# Binärrechner in Java mit Eclipse



## Sonic51 (2. November 2010)

*Binärrechner in Java mit Eclipse*

Hallo zusammen,
ich muss für die Schule einen Binärrechner Programmieren.
Jedoch bin ich mit meinen Kenntnissen am ende, denn wir dürfen
folgene befehle nicht verwenden:

Integer.parseInt(…,2)
Integer.toBinaryString(…)

die Zahlen sollen als String eingelesen werden und erst mal auf ihre Korrektheit(1 und 0) kontrolliert werden. Das hab ich soweit hinbekommen. Nur das mit dem Rechnen klappt nicht so ganz...kann mir da BITTE jmd einen Tipp oder Denkansatz geben. Bei google finde ich nur Lösungen oder Tipps mit den Befehlen, die ich nicht verwenden darf
Ich danke euch schon mal für uere Hilfe


----------



## Bauer87 (3. November 2010)

*AW: Binärrechner in Java mit Eclipse*

Man kann einen Volladdierer nur mit *and* *or*, *not* und *if* sowie *else* programmieren, wenn man im Grunde den „Schaltplan“ der Elektronik dazu „nachbaut“: Volladdierer ? Wikipedia

Das Bauteil „=1“ entspricht einem *xor*, lässt sich also in den genannten logischen Operatoren ausdrücken.


----------



## Sonic51 (3. November 2010)

*AW: Binärrechner in Java mit Eclipse*

...es soll kein schaltplan dazu gebaut werden.
Es soll einfach nur ein Rechner sein, der zwei binäte Zahlen miteinander addiert.
Die kontrollen, ob die Zahlen korrekt eingegeben wurden, hab ich schon fertig.
Es fehlt mir nur noch eine methode, wie ich die zahlen korrekt addiert bekomme,
da wir die oben genannten funktionen nicht benutzen dürfen!


----------



## UnnerveD (4. November 2010)

*AW: Binärrechner in Java mit Eclipse*

Ich weiß gerade nicht, wobei du hängst, aber der Befehl "Integer.parseInt(zahl,2)" wandelt die eingegebene Binärzahl in einen Dezimalzahl um (meines Erachtens nach), so sollte ein richtige Aufruf sein.

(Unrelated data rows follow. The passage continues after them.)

lemma I_wins_fin_imp_I_wins_nat:
  assumes "I_wins_fin \<X> \<Z>"
  shows "I_wins_nat \<X> \<Z>"
proof -
  obtain \<sigma> where \<sigma>_in: "\<forall>h. \<sigma> h \<in> \<X>" and \<sigma>_wins: "\<forall>s :: nat \<Rightarrow> nat set.
      (\<forall>k. finite (s k) \<and> s k \<noteq> {} \<and> s k \<subseteq> \<sigma> (map s [0..<k])) \<longrightarrow> (\<Union>k. s k) \<notin> \<Z>"
    using assms unfolding I_wins_fin_def by blast
  show ?thesis
    unfolding I_wins_nat_def
  proof (intro exI conjI allI impI)
    show "\<sigma> (map (\<lambda>n. {n}) h) \<in> \<X>" for h
      using \<sigma>_in by blast
  next
    fix n :: "nat \<Rightarrow> nat"
    assume "\<forall>k. n k \<in> \<sigma> (map (\<lambda>n. {n}) (map n [0..<k]))"
    then have "(\<Union>k. {n k}) \<notin> \<Z>"
      using \<sigma>_wins[rule_format, of "\<lambda>k. {n k}"] by (simp add: comp_def)
    then show "range n \<notin> \<Z>"
      by (simp add: UNION_singleton_eq_range)
  qed
qed

lemma II_wins_nat_imp_II_wins_fin:
  assumes "II_wins_nat \<X> \<Z>"
  shows "II_wins_fin \<X> \<Z>"
proof -
  obtain \<tau> :: "nat set list \<Rightarrow> nat" where
    "\<forall>Xs X. set Xs \<subseteq> \<X> \<longrightarrow> X \<in> \<X> \<longrightarrow> \<tau> (Xs @ [X]) \<in> X"
    "\<forall>X. (\<forall>k. X k \<in> \<X>) \<longrightarrow> range (\<lambda>k. \<tau> (map X [0..<Suc k])) \<in> \<Z>"
    using assms unfolding II_wins_nat_def by blast
  then show ?thesis
    unfolding II_wins_fin_def
    by (intro exI[of _ "\<lambda>Xs. {\<tau> Xs}"]) (simp add: UNION_singleton_eq_range)
qed

lemma II_wins_fin_imp_II_wins_nat:
  assumes "II_wins_fin \<X> \<Z>" and subset_closed: "\<forall>A\<in>\<Z>. Pow A \<subseteq> \<Z>"
  shows "II_wins_nat \<X> \<Z>"
proof -
  obtain \<tau> where \<tau>_legal: "\<forall>Xs X. set Xs \<subseteq> \<X> \<longrightarrow> X \<in> \<X> \<longrightarrow>
      finite (\<tau> (Xs @ [X])) \<and> \<tau> (Xs @ [X]) \<noteq> {} \<and> \<tau> (Xs @ [X]) \<subseteq> X"
    and \<tau>_wins: "\<forall>X. (\<forall>k. X k \<in> \<X>) \<longrightarrow> (\<Union>k. \<tau> (map X [0..<Suc k])) \<in> \<Z>"
    using assms(1) unfolding II_wins_fin_def by blast
  define \<tau>' where "\<tau>' Xs = (SOME n. n \<in> \<tau> Xs)" for Xs
  have \<tau>'_in: "\<tau>' (Xs @ [X]) \<in> \<tau> (Xs @ [X])" if "set Xs \<subseteq> \<X>" "X \<in> \<X>" for Xs X
    unfolding \<tau>'_def using \<tau>_legal that by (simp add: some_in_eq)
  show ?thesis
    unfolding II_wins_nat_def
  proof (intro exI conjI allI impI)
    show "\<tau>' (Xs @ [X]) \<in> X" if "set Xs \<subseteq> \<X>" "X \<in> \<X>" for Xs X
      using \<tau>'_in[OF that] \<tau>_legal that by blast
  next
    fix X :: "nat \<Rightarrow> nat set"
    assume X: "\<forall>k. X k \<in> \<X>"
    have "\<tau>' (map X [0..<Suc k]) \<in> \<tau> (map X [0..<Suc k])" for k
      using \<tau>'_in[of "map X [0..<k]" "X k"] X by auto
    then have "range (\<lambda>k. \<tau>' (map X [0..<Suc k])) \<subseteq> (\<Union>k. \<tau> (map X [0..<Suc k]))"
      by blast
    with \<tau>_wins X show "range (\<lambda>k. \<tau>' (map X [0..<Suc k])) \<in> \<Z>"
      using subset_closed by blast
  qed
qed

lemma infinite_moves_disjoint_plays:
  fixes \<sigma> :: "nat list \<Rightarrow> nat set"
  assumes infinite: "\<And>h. infinite (\<sigma> h)"
  obtains a b where "\<And>k. a k \<in> \<sigma> (map a [0..<k])" and "\<And>k. b k \<in> \<sigma> (map b [0..<k])"
    and "range a \<inter> range b = {}"
proof -
  define fresh where "fresh h E = (SOME x. x \<in> \<sigma> h - E)" for h E
  have fresh: "fresh h E \<in> \<sigma> h - E" if "finite E" for h E
  proof -
    have "\<sigma> h - E \<noteq> {}"
      using infinite_imp_nonempty[OF Diff_infinite_finite[OF that infinite]] .
    then show ?thesis
      unfolding fresh_def by (rule some_in_eq[THEN iffD2])
  qed
  define next_a where "next_a = (\<lambda>(as, bs). fresh as (set as \<union> set bs))"
  define next_b where "next_b = (\<lambda>(as, bs). fresh bs (insert (next_a (as, bs)) (set as \<union> set bs)))"
  define history where
    "history = rec_nat ([], []) (\<lambda>_ p. (fst p @ [next_a p], snd p @ [next_b p]))"
  define a b where "a k = next_a (history k)" and "b k = next_b (history k)" for k
  have history: "history k = (map a [0..<k], map b [0..<k])" for k
    by (induction k) (simp_all add: history_def a_def b_def)
  have a_step: "a k = next_a (map a [0..<k], map b [0..<k])"
    and b_step: "b k = next_b (map a [0..<k], map b [0..<k])" for k
    using a_def[of k] b_def[of k] by (simp_all only: history)
  have a: "a k \<in> \<sigma> (map a [0..<k]) - a ` {..<k} - b ` {..<k}" for k
    using fresh[of "a ` {..<k} \<union> b ` {..<k}" "map a [0..<k]"]
    by (subst a_step) (simp add: next_a_def atLeast0LessThan)
  have b: "b k \<in> \<sigma> (map b [0..<k]) - a ` {..<Suc k} - b ` {..<k}" for k
    using fresh[of "insert (a k) (a ` {..<k} \<union> b ` {..<k})" "map b [0..<k]"]
    by (subst b_step) (simp add: next_b_def atLeast0LessThan lessThan_Suc flip: a_step)
  have "a i \<noteq> b j" for i j
  proof (cases "i \<le> j")
    case True
    then have "a i \<in> a ` {..<Suc j}" by simp
    moreover have "b j \<notin> a ` {..<Suc j}" using b[of j] by blast
    ultimately show ?thesis by metis
  next
    case False
    then have "b j \<in> b ` {..<i}" by simp
    moreover have "a i \<notin> b ` {..<i}" using a[of i] by blast
    ultimately show ?thesis by metis
  qed
  then have "range a \<inter> range b = {}" by blast
  moreover have "a k \<in> \<sigma> (map a [0..<k])" "b k \<in> \<sigma> (map b [0..<k])" for k
    using a[of k] b[of k] by simp_all
  ultimately show thesis using that by blast
qed

lemma proper_filter_not_I_wins_nat:
  assumes F: "proper_filter F"
  shows "\<not> I_wins_nat F (- F)"
proof
  assume "I_wins_nat F (- F)"
  then obtain \<sigma> where \<sigma>_in: "\<And>h. \<sigma> h \<in> F"
    and \<sigma>_wins: "\<And>n. (\<forall>k. n k \<in> \<sigma> (map n [0..<k])) \<Longrightarrow> range n \<in> F"
    unfolding I_wins_nat_def by auto
  have infinite: "\<And>h. infinite (\<sigma> h)"
    using proper_filter_infinite[OF F \<sigma>_in] .
  obtain a b where "\<And>k. a k \<in> \<sigma> (map a [0..<k])" "\<And>k. b k \<in> \<sigma> (map b [0..<k])"
    and disjoint: "range a \<inter> range b = {}"
    using infinite_moves_disjoint_plays[of \<sigma>, OF infinite] by blast
  then have "range a \<in> F" "range b \<in> F" using \<sigma>_wins by blast+
  with disjoint show False using proper_filter_Int_nonempty[OF F] by blast
qed

lemma II_wins_nat_if_tree:
  fixes T :: "nat list set"
  assumes root: "[] \<in> T"
    and extend: "\<And>s X. s \<in> T \<Longrightarrow> X \<in> \<X> \<Longrightarrow> \<exists>n\<in>X. s @ [n] \<in> T"
    and branches: "\<And>b. branch T b \<Longrightarrow> range b \<in> \<Z>"
  shows "II_wins_nat \<X> \<Z>"
proof -
  define pick where "pick s X = (SOME n. n \<in> X \<and> s @ [n] \<in> T)" for s X
  define path where "path Xs = foldl (\<lambda>s X. s @ [pick s X]) [] Xs" for Xs
  have pick: "pick s X \<in> X \<and> s @ [pick s X] \<in> T" if "s \<in> T" "X \<in> \<X>" for s X
    unfolding pick_def using extend[OF that] by (rule someI2_bex) blast
  have path_snoc: "path (Xs @ [X]) = path Xs @ [pick (path Xs) X]" for Xs X
    by (simp add: path_def)
  have path_in_T: "set Xs \<subseteq> \<X> \<Longrightarrow> path Xs \<in> T" for Xs
    by (induction Xs rule: rev_induct) (simp_all add: path_def root pick)
  show ?thesis
    unfolding II_wins_nat_def
  proof (intro exI conjI allI impI)
    show "last (path (Xs @ [X])) \<in> X" if "set Xs \<subseteq> \<X>" "X \<in> \<X>" for Xs X
      using pick[OF path_in_T that(2)] that by (simp add: path_snoc)
  next
    fix X :: "nat \<Rightarrow> nat set"
    assume X: "\<forall>k. X k \<in> \<X>"
    define b where "b = (\<lambda>k. last (path (map X [0..<Suc k])))"
    have "path (map X [0..<k]) = map b [0..<k]" for k
      by (induction k) (simp_all add: b_def path_snoc, simp add: path_def)
    then have "branch T b"
      unfolding branch_def using path_in_T X by (metis image_subset_iff set_map)
    then show "range (\<lambda>k. last (path (map X [0..<Suc k]))) \<in> \<Z>"
      unfolding b_def by (rule branches)
  qed
qed

lemma not_ultrafilter_II_wins_nat:
  assumes F: "proper_filter F" and "\<not> ultrafilter F"
  shows "II_wins_nat F (- F)"
proof -
  obtain A where "A \<notin> F" and "- A \<notin> F"
    using assms unfolding ultrafilter_def by blast
  show ?thesis
  proof (rule II_wins_nat_if_tree[of "lists A"])
    show "\<exists>n\<in>X. s @ [n] \<in> lists A" if "s \<in> lists A" "X \<in> F" for s X
    proof -
      have "\<not> X \<subseteq> - A" using proper_filter_mono[OF F \<open>X \<in> F\<close>] \<open>- A \<notin> F\<close> by blast
      with that show ?thesis by auto
    qed
    show "range b \<in> - F" if "branch (lists A) b" for b
    proof -
      have "map b [0..<Suc k] \<in> lists A" for k
        using that unfolding branch_def by blast
      then have "range b \<subseteq> A" by auto
      then show ?thesis using proper_filter_mono[OF F] \<open>A \<notin> F\<close> by blast
    qed
  qed simp
qed

lemma not_Ramsey_II_wins_nat:
  assumes F: "proper_filter F" and "\<not> Ramsey F"
  shows "II_wins_nat F (- F)"
proof -
  obtain T where T: "F_tree F T" and no_branch: "\<And>b. branch T b \<Longrightarrow> range b \<notin> F"
    using assms unfolding Ramsey_def by blast
  show ?thesis
  proof (rule II_wins_nat_if_tree[of T])
    show "[] \<in> T" using T unfolding F_tree_def is_tree_def by blast
    show "\<exists>n\<in>X. s @ [n] \<in> T" if "s \<in> T" "X \<in> F" for s X
    proof -
      obtain Y where "Y \<in> F" "\<forall>n\<in>Y. s @ [n] \<in> T"
        using T \<open>s \<in> T\<close> unfolding F_tree_def by blast
      with proper_filter_Int_nonempty[OF F \<open>X \<in> F\<close>] show ?thesis by blast
    qed
  qed (use no_branch in blast)
qed

definition II_replies :: "nat set set \<Rightarrow> (nat set list \<Rightarrow> nat) \<Rightarrow> nat set list \<Rightarrow> nat set" where
  "II_replies F \<tau> Xs = {\<tau> (Xs @ [X]) | X. X \<in> F}"

definition I_move_for :: "nat set set \<Rightarrow> (nat set list \<Rightarrow> nat) \<Rightarrow> nat set list \<Rightarrow> nat \<Rightarrow> nat set" where
  "I_move_for F \<tau> Xs n = (SOME X. X \<in> F \<and> \<tau> (Xs @ [X]) = n)"

definition I_moves_for :: "nat set set \<Rightarrow> (nat set list \<Rightarrow> nat) \<Rightarrow> nat list \<Rightarrow> nat set list" where
  "I_moves_for F \<tau> = foldl (\<lambda>Xs n. Xs @ [I_move_for F \<tau> Xs n]) []"

(* Each node comes with one sequence of moves of I producing it, chosen coherently along
   extensions, so that the nodes of a branch are produced by a single play. *)
definition II_reply_tree :: "nat set set \<Rightarrow> (nat set list \<Rightarrow> nat) \<Rightarrow> nat list set" where
  "II_reply_tree F \<tau> =
     {s. \<forall>i<length s. s ! i \<in> II_replies F \<tau> (I_moves_for F \<tau> (take i s))}"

int a = Integer.parseInt(zahl,2); //(die Variable zahl stellt die zuvor auf Richtigkit geprüfte Eingabe dar)
System.out.println("Die Zahl lautet:" + a);

Die Ausgabe sollte nun eine Dezimalzahl sein. Wie du nun mit diesen Zahlen weiterrechnest, sollte dann eigentlich klar sein.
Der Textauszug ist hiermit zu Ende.